# [HOW TO COMPLETE THIS TASK]
For the listing below, output exactly the lines from the line with "using BJ_solutionD[OF BJ" up to and including the line with "has_derivative (\<lambda>h. ((C", and no other lines.

# [PROVIDED RECORDS]
lemma BJ_reg_dist_touching:
  fixes M :: "'a::euclidean_space set"
  assumes BJ: "BJ_solution M H v" and T: "subspace (tangent_space M m)"
    and HB: "\<And>p u. p \<in> tangent_space M m \<Longrightarrow> H m p u = 0 \<Longrightarrow> norm p \<le> A + B * \<bar>u\<bar>"
    and m: "m \<in> M" "v m = ereal a"
    and touch: "\<And>y. y \<in> M \<Longrightarrow>
      v m - ereal (- C * reg_dist \<epsilon> c m) \<le> v y - ereal (- C * reg_dist \<epsilon> c y)"
    and \<epsilon>: "0 < \<epsilon>" "\<epsilon> \<le> norm (c - m)" and C: "0 \<le> C"
    and w: "w \<in> tangent_space M m" "w \<noteq> 0" "norm (c - m) * norm w / 2 \<le> (c - m) \<bullet> w"
  shows "C \<le> 4 * (A + B * \<bar>a\<bar>)"
proof -
  define \<Phi> where "\<Phi> y = - C * reg_dist \<epsilon> c y" for y
  define s where "s = reg_dist \<epsilon> c m"
  have s: "0 < s" "s \<le> 2 * norm (c - m)"
    using reg_dist_bounds(2,4)[OF \<epsilon>(1), where y = m and c = c] \<epsilon>
    by (auto simp: s_def norm_minus_commute)
  have "H m (mdiff M \<Phi> m) a = 0"
    using BJ_solutionD[OF BJ open_UNIV subset_UNIV _ m] Ck_on_1_reg_dist[OF \<epsilon>(1)] touch
    unfolding \<Phi>_def by blast
  moreover have "(\<Phi> has_derivative (\<lambda>h. ((C / s) *\<^sub>R (c - m)) \<bullet> h)) (at m)"
    unfolding \<Phi>_def s_def by (rule has_derivative_neg_scaled_reg_dist[OF \<epsilon>(1)])
  note p = mdiff_inner_tangent[OF T this]
  ultimately have p_bound: "norm (mdiff M \<Phi> m) \<le> A + B * \<bar>a\<bar>" using HB p(1) by blast
  have half: "C / 2 \<le> C / s * norm (c - m)"
  proof -
    have "C / s * (s / 2) \<le> C / s * norm (c - m)" using s C by (intro mult_left_mono) auto
    then show ?thesis using s(1) by simp
  qed
  have "C / 4 * norm w = C / 2 * (norm w / 2)" by simp
  also have "\<dots> \<le> C / s * norm (c - m) * (norm w / 2)" using half by (rule mult_right_mono) simp
  also have "\<dots> = C / s * (norm (c - m) * norm w / 2)" by simp
  also have "\<dots> \<le> C / s * ((c - m) \<bullet> w)" using w(3) s C by (intro mult_left_mono) auto
  also have "\<dots> = mdiff M \<Phi> m \<bullet> w" using p(2)[OF w(1)] by simp
  also have "\<dots> \<le> norm (mdiff M \<Phi> m) * norm w" by (rule norm_cauchy_schwarz)
  also have "\<dots> \<le> (A + B * \<bar>a\<bar>) * norm w" using p_bound by (rule mult_right_mono) simp
  finally show ?thesis using w(2) by simp
qed

section \<open>Lipschitz continuity of BJ solutions\<close>

locale BJ_lipschitz_setting =
  fixes M :: "'a::euclidean_space set" and H :: "'a \<Rightarrow> 'a \<Rightarrow> real \<Rightarrow> real" and v :: "'a \<Rightarrow> ereal"
    and A B r \<mu> :: real
  assumes BJ: "BJ_solution M H v" and compact_M: "compact M"
    and tangent_subspace: "\<And>m. m \<in> M \<Longrightarrow> subspace (tangent_space M m)"
    and gradient_bound: "\<And>x p u. x \<in> M \<Longrightarrow> p \<in> tangent_space M x \<Longrightarrow> H x p u = 0 \<Longrightarrow>
      norm p \<le> A + B * \<bar>u\<bar>"
    and A_nonneg: "0 \<le> A" and B_nonneg: "0 \<le> B" and r_pos: "0 < r"
    and chord: "\<And>m y. m \<in> M \<Longrightarrow> y \<in> M \<Longrightarrow> y \<noteq> m \<Longrightarrow> norm (y - m) < r \<Longrightarrow>
      \<exists>w\<in>tangent_space M m. w \<noteq> 0 \<and> norm (y - m) * norm w / 2 \<le> (y - m) \<bullet> w"
    and lower: "\<And>y. y \<in> M \<Longrightarrow> ereal \<mu> \<le> v y"
begin

lemma reg_dist_minimizer:
  assumes \<epsilon>: "0 < \<epsilon>" and y1: "y1 \<in> M" "v y1 = ereal b"
  obtains m a where "m \<in> M" "v m = ereal a" "\<mu> \<le> a"
    "\<And>y. y \<in> M \<Longrightarrow> v m - ereal (- C * reg_dist \<epsilon> c m) \<le> v y - ereal (- C * reg_dist \<epsilon> c y)"
    "a + C * reg_dist \<epsilon> c m \<le> b + C * reg_dist \<epsilon> c y1"
proof -
  have finite: "v y \<noteq> -\<infinity>" if "y \<in> M" for y using lower[OF that] by auto
  have "continuous_on M (\<lambda>y. - C * reg_dist \<epsilon> c y)" unfolding reg_dist_def by (intro continuous_intros)
  then have "lsc_on M (\<lambda>y. v y - ereal (- C * reg_dist \<epsilon> c y))"
    using lsc_on_diff_continuous BJ finite unfolding BJ_solution_def by blast
  then obtain m where m: "m \<in> M"
    and touch: "\<And>y. y \<in> M \<Longrightarrow> v m - ereal (- C * reg_dist \<epsilon> c m) \<le> v y - ereal (- C * reg_dist \<epsilon> c y)"
    using lsc_on_attains_min compact_M y1(1) by blast
  then have "v m - ereal (- C * reg_dist \<epsilon> c m) \<le> ereal (b + C * reg_dist \<epsilon> c y1)" using y1 by force
  then obtain a where "v m = ereal a" "a + C * reg_dist \<epsilon> c m \<le> b + C * reg_dist \<epsilon> c y1"
    using finite[OF m] by (cases "v m") auto
  moreover have "\<mu> \<le> a" using lower[OF m] calculation(1) by simp
  ultimately show ?thesis using that m touch by blast
qed

lemma contact_bound:
  assumes m: "m \<in> M" "v m = ereal a" and y2: "y2 \<in> M"
    and touch: "\<And>y. y \<in> M \<Longrightarrow> v m - ereal (- C * reg_dist \<epsilon> y2 m) \<le> v y - ereal (- C * reg_dist \<epsilon> y2 y)"
    and \<epsilon>: "0 < \<epsilon>" "\<epsilon> \<le> norm (y2 - m)" and near: "norm (y2 - m) < r" and C: "0 \<le> C"
  shows "C \<le> 4 * (A + B * \<bar>a\<bar>)"
proof -
  have "y2 \<noteq> m" using \<epsilon> by auto
  then obtain w where w: "w \<in> tangent_space M m" "w \<noteq> 0" "norm (y2 - m) * norm w / 2 \<le> (y2 - m) \<bullet> w"
    using chord m(1) y2 near by blast
  show ?thesis
    by (rule BJ_reg_dist_touching[OF BJ tangent_subspace[OF m(1)] gradient_bound[OF m(1)] m touch \<epsilon> C w])
qed

lemma minimum_near_center:
  assumes y1: "y1 \<in> M" "v y1 = ereal b" and y2: "y2 \<in> M"
    and \<epsilon>: "0 < \<epsilon>" "\<epsilon> \<le> \<delta>" and y12: "norm (y1 - y2) \<le> \<delta>"
    and \<delta>B: "16 * B * \<delta> \<le> 1" and \<delta>r: "4 * \<delta> < r"
    and C1: "8 * (A + B * (\<bar>\<mu>\<bar> + \<bar>b\<bar>)) < C" and C2: "2 * (\<bar>b\<bar> + \<bar>\<mu>\<bar>) < C * r"
  shows "\<exists>m\<in>M. norm (m - y2) < \<epsilon> \<and> v m \<le> ereal (b + C * norm (y1 - y2))"
proof -
  define S where "S = reg_dist \<epsilon> y2"
  note S_bounds = reg_dist_bounds[OF \<epsilon>(1), where c = y2, folded S_def]
  have C: "0 < C" using C1 A_nonneg B_nonneg by (smt (verit) mult_nonneg_nonneg)
  obtain m a where m: "m \<in> M" "v m = ereal a" and \<mu>a: "\<mu> \<le> a"
    and touch: "\<And>y. y \<in> M \<Longrightarrow> v m - ereal (- C * S m) \<le> v y - ereal (- C * S y)"
    and ineq: "a + C * S m \<le> b + C * S y1"
    using reg_dist_minimizer[OF \<epsilon>(1) y1] unfolding S_def by blast
  have S_y1: "C * S y1 \<le> C * norm (y1 - y2) + C * \<epsilon>" and "C * \<epsilon> \<le> C * S m"
    using mult_left_mono[OF S_bounds(3), of C] mult_left_mono[OF S_bounds(2), of C] C
    by (auto simp: algebra_simps)
  then have a_bound: "a \<le> b + C * norm (y1 - y2)" using ineq by linarith
  have "norm (m - y2) < \<epsilon>"
  proof (rule ccontr)
    assume "\<not> ?thesis"
    then have far: "\<epsilon> \<le> norm (y2 - m)" by (simp add: norm_minus_commute)
    have C\<delta>: "C * norm (y1 - y2) \<le> C * \<delta>" "C * \<epsilon> \<le> C * \<delta>" "4 * (C * \<delta>) < C * r"
      using y12 \<epsilon> C mult_strict_left_mono[OF \<delta>r C] by (simp_all add: ac_simps)
    have "C * norm (y2 - m) \<le> C * S m"
      using mult_left_mono[OF S_bounds(1), of C] C by (simp add: norm_minus_commute)
    also have "\<dots> < C * r"
      using ineq S_y1 C\<delta> \<mu>a C2 abs_ge_self[of b] abs_ge_minus_self[of \<mu>] by argo
    finally have "norm (y2 - m) < r" using C by simp
    then have "C \<le> 4 * (A + B * \<bar>a\<bar>)"
      using contact_bound[OF m y2 touch[unfolded S_def] \<epsilon>(1) far] C by simp
    moreover have "\<bar>a\<bar> \<le> \<bar>\<mu>\<bar> + \<bar>b\<bar> + C * \<delta>"
      using a_bound \<mu>a C\<delta>(1) C \<epsilon> abs_ge_self[of b] abs_ge_minus_self[of \<mu>] abs_ge_self[of \<mu>]
        abs_ge_zero[of b] zero_less_mult_iff[of C \<delta>]
      unfolding abs_le_iff[of a] by argo
    then have "B * \<bar>a\<bar> \<le> B * (\<bar>\<mu>\<bar> + \<bar>b\<bar>) + B * (C * \<delta>)"
      using mult_left_mono[OF _ B_nonneg] by (metis distrib_left)
    moreover have "B * (C * \<delta>) \<le> C / 16" using mult_left_mono[OF \<delta>B, of C] C by (simp add: algebra_simps)
    ultimately show False using C1 C by argo
  qed
  then show ?thesis using m a_bound by auto
qed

# [RESULT]
    using BJ_solutionD[OF BJ open_UNIV subset_UNIV _ m] Ck_on_1_reg_dist[OF \<epsilon>(1)] touch
    unfolding \<Phi>_def by blast
  moreover have "(\<Phi> has_derivative (\<lambda>h. ((C / s) *\<^sub>R (c - m)) \<bullet> h)) (at m)"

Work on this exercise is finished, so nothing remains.